One-pan magic that makes the most of summer peaches.
Every summer, I turn fruity.
As in batty for plums, pluots, peaches, nectarines cherries, strawberries, blueberries, figs and the like.
So much so that I practically have to restrain myself from buying a few of everything that I see at the farmers market, lest I end up with a load of fruit at the end of the week, when I am ready to set out to the market again on my regular weekend jaunt.
Just last Saturday, my favorite strawberry vendor asked me pointedly, “Do you really go through this many strawberries every week?” as I bought my usual three baskets from him.
Why, yes, I do.

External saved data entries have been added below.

(* Let $E$ be a finite directed graph and $X\subseteq\mathrm{Sink}(E)\cup\mathrm{Source}(E)$. Then $\mathrm{h}_{\mathrm{alg}}(KE)=\mathrm{h}_{\mathrm{alg}}(K(E\setminus X))$.
   Context: For a finite directed graph $E=(E^0,E^1,s,r)$, a sink is a vertex $v$ with $s^{-1}(v)=\emptyset$ and a source is a vertex $v$ with $r^{-1}(v)=\emptyset$. $E\setminus X$ is the graph with vertex set $E^0\setminus X$ and edge set $E^1$ minus all edges having source or range in $X$. The path algebra $KF$ has basis the paths of $F$ (vertices as length-0 paths) with concatenation product; standard filtration $V_n=$ span of paths of length $\le n$; $\mathrm{h}_{\mathrm{alg}}(KF)=0$ if $KF$ is finite-dimensional and $\limsup_n\frac1n\log\dim(V_n/V_{n-1})$ otherwise. *)

theory Defs
  imports "HOL-Analysis.Analysis"
begin

record ('v, 'e) dgraph =
  verts :: "'v set"
  arcs  :: "'e set"
  src   :: "'e \<Rightarrow> 'v"
  rng   :: "'e \<Rightarrow> 'v"

definition finite_dgraph :: "('v, 'e) dgraph \<Rightarrow> bool" where
  "finite_dgraph G \<longleftrightarrow> finite (verts G) \<and> finite (arcs G) \<and>
     (\<forall>e \<in> arcs G. src G e \<in> verts G \<and> rng G e \<in> verts G)"

definition sinks :: "('v, 'e) dgraph \<Rightarrow> 'v set" where
  "sinks G = {v \<in> verts G. \<not> (\<exists>e \<in> arcs G. src G e = v)}"

definition sources :: "('v, 'e) dgraph \<Rightarrow> 'v set" where
  "sources G = {v \<in> verts G. \<not> (\<exists>e \<in> arcs G. rng G e = v)}"

definition remove_verts :: "('v, 'e) dgraph \<Rightarrow> 'v set \<Rightarrow> ('v, 'e) dgraph" where
  "remove_verts G X = \<lparr> verts = verts G - X,
     arcs = {e \<in> arcs G. src G e \<notin> X \<and> rng G e \<notin> X},
     src = src G, rng = rng G \<rparr>"

definition edge_paths :: "('v, 'e) dgraph \<Rightarrow> 'e list set" where
  "edge_paths G = {es. es \<noteq> [] \<and> set es \<subseteq> arcs G \<and>
     (\<forall>i. Suc i < length es \<longrightarrow> rng G (es ! i) = src G (es ! Suc i))}"

text \<open>The basis of the path algebra KF: all paths of F (vertices as length-0 paths).\<close>
definition paths :: "('v, 'e) dgraph \<Rightarrow> ('v + 'e list) set" where
  "paths G = Inl ` verts G \<union> Inr ` edge_paths G"

fun path_length :: "'v + 'e list \<Rightarrow> nat" where
  "path_length (Inl v) = 0"
| "path_length (Inr es) = length es"

text \<open>dim (V_n / V_(n-1)) for the standard filtration V_n = span of paths of length \<le> n:
  since the paths form a basis, this is the number of paths of length exactly n.\<close>
definition layer_dim :: "('v, 'e) dgraph \<Rightarrow> nat \<Rightarrow> nat" where
  "layer_dim G n = card {p \<in> paths G. path_length p = n}"

definition h_alg :: "('v, 'e) dgraph \<Rightarrow> ereal" where
  "h_alg G = (if finite (paths G) then 0
              else limsup (\<lambda>n. ereal (ln (real (layer_dim G n)) / real n)))"

end

theory Submission
  imports Defs
begin

(* Every interior vertex of a path is the range of one of its edges and the source of the next,
  so it is neither a sink nor a source. Deleting X therefore can only cut off the first and the
  last edge of a path: a path of E of length n >= 3 is u p w with p a path of E \ X of length
  n - 2, n - 1 or n, and u, w of length at most 1. Hence the n-th layer of E is bounded by
  (|E^1| + 1)^2 times the sum of the layers n - 2, n - 1, n of E \ X, and from below by the n-th
  layer of E \ X; neither a constant factor nor a bounded index shift changes the exponential
  growth rate limsup ln(d_n)/n. If KF is finite-dimensional its layers eventually vanish, and as
  ln 0 = 0 in HOL the growth rate is then 0, so h_alg is this growth rate in every case. *)

definition growth_rate :: "(nat \<Rightarrow> nat) \<Rightarrow> ereal" where
  "growth_rate a = limsup (\<lambda>n. ereal (ln (real (a n)) / real n))"

lemma ln_of_nat_mono: "m \<le> n \<Longrightarrow> ln (real m) \<le> ln (real n)"
  by (cases "m = 0"; cases "n = 0") auto

lemma growth_rate_mono: "(\<And>n. a n \<le> b n) \<Longrightarrow> growth_rate a \<le> growth_rate b"
  unfolding growth_rate_def
  by (intro Limsup_mono always_eventually allI) (simp add: divide_right_mono ln_of_nat_mono)

lemma growth_rate_nonneg: "0 \<le> growth_rate a"
  using growth_rate_mono[of "\<lambda>_. 0" a] by (simp add: growth_rate_def Limsup_const zero_ereal_def)

lemma growth_rate_eventually_zero:
  assumes "\<forall>\<^sub>F n in sequentially. a n = 0"
  shows "growth_rate a = 0"
proof -
  have "\<forall>\<^sub>F n in sequentially. ereal (ln (real (a n)) / real n) = 0"
    using assms by eventually_elim simp
  from Limsup_eq[OF this] show ?thesis
    unfolding growth_rate_def by (simp add: Limsup_const)
qed

lemma less_exp_if_ln_div_less:
  assumes "ln (real m) / real n < z" and "0 < n"
  shows "real m < exp (z * real n)"
proof (cases "m = 0")
  case False
  then have "ln (real m) < z * real n" using assms by (simp add: pos_divide_less_eq)
  then show ?thesis using False by (metis exp_less_mono exp_ln of_nat_0_less_iff neq0_conv)
qed simp

lemma eventually_window_sum_le_exp:
  fixes a :: "nat \<Rightarrow> nat"
  assumes a_less: "growth_rate a < ereal z" and "0 < z"
  shows "\<forall>\<^sub>F n in sequentially. (\<Sum>k=n-c..n. real (a k)) \<le> real (c + 1) * exp (z * real n)"
proof -
  obtain N where N: "\<And>k. N \<le> k \<Longrightarrow> ln (real (a k)) / real k < z"
    using Limsup_lessD[OF a_less[unfolded growth_rate_def]]
    by (auto simp: eventually_sequentially)
  show ?thesis
    using eventually_ge_at_top[of "N + c + 1"]
  proof eventually_elim
    case (elim n)
    have "real (a k) \<le> exp (z * real n)" if "k \<in> {n-c..n}" for k
    proof -
      have "real (a k) < exp (z * real k)"
        using that elim by (intro less_exp_if_ln_div_less N) auto
      also have "\<dots> \<le> exp (z * real n)" using that \<open>0 < z\<close> by simp
      finally show ?thesis by simp
    qed
    then have "(\<Sum>k=n-c..n. real (a k)) \<le> real (card {n-c..n}) * exp (z * real n)"
      by (rule sum_bounded_above)
    also have "card {n-c..n} = c + 1" using elim by simp
    finally show ?case .
  qed
qed

lemma eventually_ln_div_less_if_le_exp:
  fixes b :: "nat \<Rightarrow> nat"
  assumes b_le: "\<forall>\<^sub>F n in sequentially. real (b n) \<le> C * exp (z * real n)"
    and "0 < z" "z < r"
  shows "\<forall>\<^sub>F n in sequentially. ln (real (b n)) / real n < r"
proof -
  have "\<forall>\<^sub>F n in sequentially. ln C / real n + z < r"
    by (rule order_tendstoD(2)[OF _ \<open>z < r\<close>]) (auto intro!: tendsto_eq_intros)
  with b_le show ?thesis using eventually_gt_at_top[of 0]
  proof eventually_elim
    case (elim n)
    show ?case
    proof (cases "b n = 0")
      case False
      then have "0 < C * exp (z * real n)" using elim(1) by linarith
      then have "0 < C" by (simp add: zero_less_mult_iff)
      have "ln (real (b n)) \<le> ln (C * exp (z * real n))"
        using elim(1) False by simp
      also have "\<dots> = ln C + z * real n" using \<open>0 < C\<close> by (simp add: ln_mult)
      finally have "ln (real (b n)) / real n \<le> (ln C + z * real n) / real n"
        by (simp add: divide_right_mono)
      also have "\<dots> = ln C / real n + z" using elim(3) by (simp add: add_divide_distrib)
      finally show ?thesis using elim(2) by simp
    qed (use \<open>0 < z\<close> \<open>z < r\<close> in simp)
  qed
qed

I really, really do.
Hey, it could be worse. At least he didn’t ask, “Do you really go through five buckets of chicken every week?”
Instead, I’m proud to be fruity to the core. Most of my haul is enjoyed as is — out of hand or topped with Greek yogurt or tossed into salads. Some get baked into sweet treats such as galettes, muffins or financiers. And every now and then, some actually end up in something savory.
Like “Peachy Pork or Veal with Pomegranate Molasses and Charred Onion.”
The recipe is from “Dinner: Changing the Game” (Clarkson Potter), the newest cookbook by Melissa Clark, of which I received a review copy.